Most Consecutive Starts of At Least Eight Innings, 2009-2011

Pitcher Start End Games W L CG IP ERA
Cliff Lee 6/18/2010 8/6/2010 10 6 2 5 86.1 2.08
CC Sabathia 5/19/2011 6/4/2011 4 4 0 1 33.2 1.60
Felix Hernandez 9/17/2010 4/1/2011 4 3 1 2 33 1.36
Felix Hernandez 6/13/2010 6/30/2010 4 3 0 2 35.2 1.26
Matt Cain 5/22/2010 6/8/2010 4 3 1 3 34 0.26
Tim Lincecum 6/12/2009 6/29/2009 4 3 1 3 35 1.03

Source: Baseball-reference.com

At his current pace, Sabathia would end the season with approximately 245 innings, giving him three straight seasons with at least 230. If the Yankees’ ace accomplishes that feat, he’d become the first Yankee to do it since Ed Figueroa in 1976 to 1978. What’s more, he would also become only the 23rd Yankees’ pitcher to throw at least 230 innings in any three seasons, and the eighth in the last 50 years.

Seasons with At Least 230 Innings by a Yankees’ Pitcher, Since 1961

Pitcher Years From To Age
Mel Stottlemyre 9 1965 1973 23-31
Whitey Ford 5 1961 1965 32-36
Ron Guidry 4 1978 1985 27-34
Fritz Peterson 4 1969 1972 27-30
Ed Figueroa 3 1976 1978 27-29
Doc Medich 3 1973 1975 24-26
Stan Bahnsen 3 1968 1971 23-26

Source: Baseball-reference.com

Sabathia is quickly establishing himself as one of the most durable (not to mention effective) starters in franchise history.

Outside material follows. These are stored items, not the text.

lemma quadratic_integer_not_Rats:
  assumes "quadratic_integer \<beta>"
  shows "\<beta> \<notin> \<rat>"
proof
  obtain q where q: "quad_minpoly q \<beta>"
    using assms unfolding quadratic_integer_def by blast
  assume "\<beta> \<in> \<rat>"
  moreover have "algebraic_int \<beta>"
    using q unfolding quad_minpoly_def algebraic_int_altdef_ipoly by blast
  ultimately obtain a where a: "\<beta> = of_int a"
    using rational_algebraic_int_is_int by (blast elim: Ints_cases)
  have "poly q a = 0"
    using q unfolding quad_minpoly_def a poly_map_poly_of_int_of_int by simp
  then obtain r where r: "q = [:-a, 1:] * r"
    by (auto simp: poly_eq_0_iff_dvd)
  then have "is_unit [:-a, 1:] \<or> is_unit r"
    using q irreducibleD unfolding quad_minpoly_def by blast
  moreover have "degree r = 1"
  proof -
    have "q \<noteq> 0" using q unfolding quad_minpoly_def by auto
    then have "r \<noteq> 0" using r by auto
    then show ?thesis
      using q r degree_mult_eq[of "[:-a, 1:]" r] unfolding quad_minpoly_def by simp
  qed
  ultimately show False
    by (auto simp: is_unit_poly_iff)
qed

lemma quadratic_integer_coords_unique:
  assumes "quadratic_integer \<beta>"
    and "of_int a + of_int b * \<beta> = of_int a' + of_int b' * \<beta>"
  shows "a = a' \<and> b = b'"
proof -
  have "b = b'"
  proof (rule ccontr)
    assume "b \<noteq> b'"
    have "of_int (b - b') * \<beta> = of_int (a' - a)"
      using assms(2) by (simp add: algebra_simps)
    with \<open>b \<noteq> b'\<close> have "\<beta> = of_int (a' - a) / of_int (b - b')"
      by (simp add: field_simps)
    with quadratic_integer_not_Rats[OF assms(1)] show False
      by simp
  qed
  with assms(2) show ?thesis by simp
qed

lemma quad_minpoly_unique:
  assumes "quad_minpoly q \<beta>" and "quad_minpoly q' \<beta>"
  shows "q = q'"
proof -
  have "of_int (coeff p 0) + of_int (coeff p 1) * \<beta> = - \<beta>\<^sup>2" if "quad_minpoly p \<beta>" for p
    using quad_minpoly_root[OF that] by (simp add: eq_neg_iff_add_eq_0 algebra_simps)
  then have "of_int (coeff q 0) + of_int (coeff q 1) * \<beta>
      = of_int (coeff q' 0) + of_int (coeff q' 1) * \<beta>"
    using assms by simp
  moreover have "quadratic_integer \<beta>"
    using assms(1) unfolding quadratic_integer_def by blast
  ultimately have "coeff q 0 = coeff q' 0 \<and> coeff q 1 = coeff q' 1"
    using quadratic_integer_coords_unique by blast
  then show ?thesis
    using assms monic_quadratic_eq unfolding quad_minpoly_def by metis
qed

lemma the_quad_minpoly:
  assumes "quad_minpoly q \<beta>"
  shows "(THE q. quad_minpoly q \<beta>) = q"
  using assms quad_minpoly_unique by blast

lemma quadratic_integer_root:
  assumes "quadratic_integer \<beta>"
  shows "\<beta>\<^sup>2 = of_int (qtrace \<beta>) * \<beta> - of_int (qnorm \<beta>)"
proof -
  obtain q where q: "quad_minpoly q \<beta>"
    using assms unfolding quadratic_integer_def by blast
  show ?thesis
    using quad_minpoly_root[OF q]
    unfolding qtrace_def qnorm_def the_quad_minpoly[OF q]
    by (simp add: algebra_simps eq_neg_iff_add_eq_0)
qed

lemma qconj_root:
  assumes "quadratic_integer \<beta>"
  shows "(qconj \<beta>)\<^sup>2 = of_int (qtrace \<beta>) * qconj \<beta> - of_int (qnorm \<beta>)"
  using quadratic_integer_root[OF assms]
  unfolding qconj_def by (simp add: algebra_simps power2_eq_square)

lemma poly_mod_monic_quadratic:
  fixes p :: "int poly"
  shows "\<exists>a b. \<forall>x::'a::comm_ring_1. x\<^sup>2 = of_int t * x - of_int m \<longrightarrow>
           poly (map_poly of_int p) x = of_int a + of_int b * x"
proof (induction p)
  case 0
  show ?case by (intro exI[of _ 0]) simp
next
  case (pCons c p)
  then obtain a b where ab: "\<forall>x::'a. x\<^sup>2 = of_int t * x - of_int m \<longrightarrow>
      poly (map_poly of_int p) x = of_int a + of_int b * x"
    by blast
  show ?case
  proof (intro exI allI impI)
    fix x :: 'a
    assume x: "x\<^sup>2 = of_int t * x - of_int m"
    have "poly (map_poly of_int (pCons c p)) x = of_int c + x * (of_int a + of_int b * x)"
      using ab x by (simp add: map_poly_pCons)
    also have "\<dots> = of_int c + of_int a * x + of_int b * x\<^sup>2"
      by (simp add: algebra_simps power2_eq_square)
    also have "\<dots> = of_int (c - b * m) + of_int (a + b * t) * x"
      unfolding x by (simp add: algebra_simps)
    finally show "poly (map_poly of_int (pCons c p)) x = of_int (c - b * m) + of_int (a + b * t) * x" .
  qed
qed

In fact, he has been so good in his first two-plus seasons that it’s easy to sometimes take him for granted. However, his contribution to the team can’t be overstated, a realization that will likely come into play this off season. Should the big lefty decide to opt out, the Yankees may have no choice but to go just as deep as Sabathia.